→ **Task item**
Identify and copy all lines of the material where the string "intro" is found.

Dataset records Block Start

lemma R1_linear_eq:
  assumes z: "z \<in> R1" and F: "k_linear_on sc R1 F" and G: "k_linear_on sc R1 G"
    and base: "\<And>a b. a \<in> R \<Longrightarrow> b \<in> R \<Longrightarrow> F (a * e * b) = G (a * e * b)"
  shows "F z = G z"
  using z
proof (induction rule: R1_induct)
  case zero
  then show ?case
    using k_linear_on_zero[OF subalg_R1 F] k_linear_on_zero[OF subalg_R1 G] by simp
next
  case (add u v)
  then show ?case
    using F G unfolding k_linear_on_def by simp
next
  case (smult c u)
  then show ?case
    using F G unfolding k_linear_on_def by simp
qed (rule base)

lemma ER_add: "z \<in> R1 \<Longrightarrow> w \<in> R1 \<Longrightarrow> ER (z + w) = ER z + ER w"
  and ER_sc: "z \<in> R1 \<Longrightarrow> ER (sc c z) = sc c (ER z)"
  using k_linear_on_ER unfolding k_linear_on_def by blast+

lemma ER_sum:
  assumes "\<And>i. i \<in> I \<Longrightarrow> h i \<in> R1"
  shows "ER (\<Sum>i\<in>I. h i) = (\<Sum>i\<in>I. ER (h i))"
  using k_linear_on_lincomb[OF subalg_R1 k_linear_on_ER assms, where k = "\<lambda>_. 1"] by simp

lemma e_commute: "s \<in> S \<Longrightarrow> s * e = e * s"
proof -
  assume s: "s \<in> S"
  have "(\<lambda>p. ind (1 * s, 1) p - ind (1, s * 1) p) \<in> tensor_rels sc S R R"
    using s subalg_one[OF subalg_R] unfolding tensor_rels_def by blast
  then have "tsum sc (\<lambda>a b. a * e * b) (\<lambda>p. ind (1 * s, 1) p - 1 * ind (1, s * 1) p) = 0"
    using tensor_iso_R1 unfolding tensor_iso_def by simp
  then show ?thesis
    by (simp only: tsum_ind_diff_smult) simp
qed

lemma e_idem: "e * e = e"
  using e_mult_e[OF subalg_one[OF subalg_R]] ES_one by simp

lemma sum_x_e_y: "(\<Sum>i<n. x i * e * y i) = 1"
proof -
  let ?u = "\<Sum>i<n. x i * e * y i"
  have "?u * z = z" if "z \<in> R1" for z
    using that k_linear_on_mult_left k_linear_on_id
  proof (rule R1_linear_eq)
    fix a b assume ab: "a \<in> R" "b \<in> R"
    have "?u * (a * e * b) = (\<Sum>i<n. x i * (e * (y i * a) * e) * b)"
      by (simp add: sum_distrib_right mult.assoc)
    also have "\<dots> = (\<Sum>i<n. x i * (ES (y i * a) * e) * b)"
      using ab y_in by (intro sum.cong refl) (simp add: e_mult_e R_mult)
    also have "\<dots> = (\<Sum>i<n. x i * ES (y i * a)) * e * b"
      by (simp add: sum_distrib_right mult.assoc)
    also have "\<dots> = a * e * b"
      using dual_basis_right[OF ab(1)] by simp
    finally show "?u * (a * e * b) = a * e * b" .
  qed
  from this[OF subalg_one[OF subalg_R1]] show ?thesis
    by simp
qed

lemma ER_mult_left:
  assumes m: "m \<in> R" and z: "z \<in> R1"
  shows "ER (m * z) = m * ER z"
  using z
proof (rule R1_linear_eq)
  show "k_linear_on sc R1 (\<lambda>z. ER (m * z))"
    using m by (intro k_linear_on_comp[OF k_linear_on_ER k_linear_on_mult_left]) (auto intro: R1_mult R_in_R1)
  show "k_linear_on sc R1 (\<lambda>z. m * ER z)"
    by (intro k_linear_on_comp[OF k_linear_on_mult_left[where X = UNIV] k_linear_on_ER]) simp
  fix a b assume "a \<in> R" "b \<in> R"
  then show "ER (m * (a * e * b)) = m * ER (a * e * b)"
    using ER_aeb[of "m * a" b] ER_aeb[of a b] m by (simp add: R_mult mult.assoc)
qed

lemma ER_mult_right:
  assumes z: "z \<in> R1" and m: "m \<in> R"
  shows "ER (z * m) = ER z * m"
  using z
proof (rule R1_linear_eq)
  show "k_linear_on sc R1 (\<lambda>z. ER (z * m))"
    using m by (intro k_linear_on_comp[OF k_linear_on_ER k_linear_on_mult_right]) (auto intro: R1_mult R_in_R1)
  show "k_linear_on sc R1 (\<lambda>z. ER z * m)"
    by (intro k_linear_on_comp[OF k_linear_on_mult_right[where X = UNIV] k_linear_on_ER]) simp
  fix a b assume "a \<in> R" "b \<in> R"
  then show "ER (a * e * b * m) = ER (a * e * b) * m"
    using ER_aeb[of a "b * m"] ER_aeb[of a b] m by (simp add: R_mult mult.assoc)
qed

lemma ER_one: "ER 1 = 1"
proof -
  have "ER 1 = ER (\<Sum>i<n. x i * e * y i)"
    by (simp add: sum_x_e_y)
  also have "\<dots> = (\<Sum>i<n. ER (x i * e * y i))"
    by (rule ER_sum) (simp add: aeb_in x_in y_in)
  also have "\<dots> = sc lam (\<Sum>i<n. x i * y i)"
    using x_in y_in by (simp add: ER_aeb sc_sum_right)
  finally show ?thesis
    using lam_nonzero by (simp add: sum_x_y)
qed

Dataset records Block End

→ **Task answer**
      using ab y_in by (intro sum.cong refl) (simp add: e_mult_e R_mult)
    using m by (intro k_linear_on_comp[OF k_linear_on_ER k_linear_on_mult_left]) (auto intro: R1_mult R_in_R1)
    by (intro k_linear_on_comp[OF k_linear_on_mult_left[where X = UNIV] k_linear_on_ER]) simp
    using m by (intro k_linear_on_comp[OF k_linear_on_ER k_linear_on_mult_right]) (auto intro: R1_mult R_in_R1)
    by (intro k_linear_on_comp[OF k_linear_on_mult_right[where X = UNIV] k_linear_on_ER]) simp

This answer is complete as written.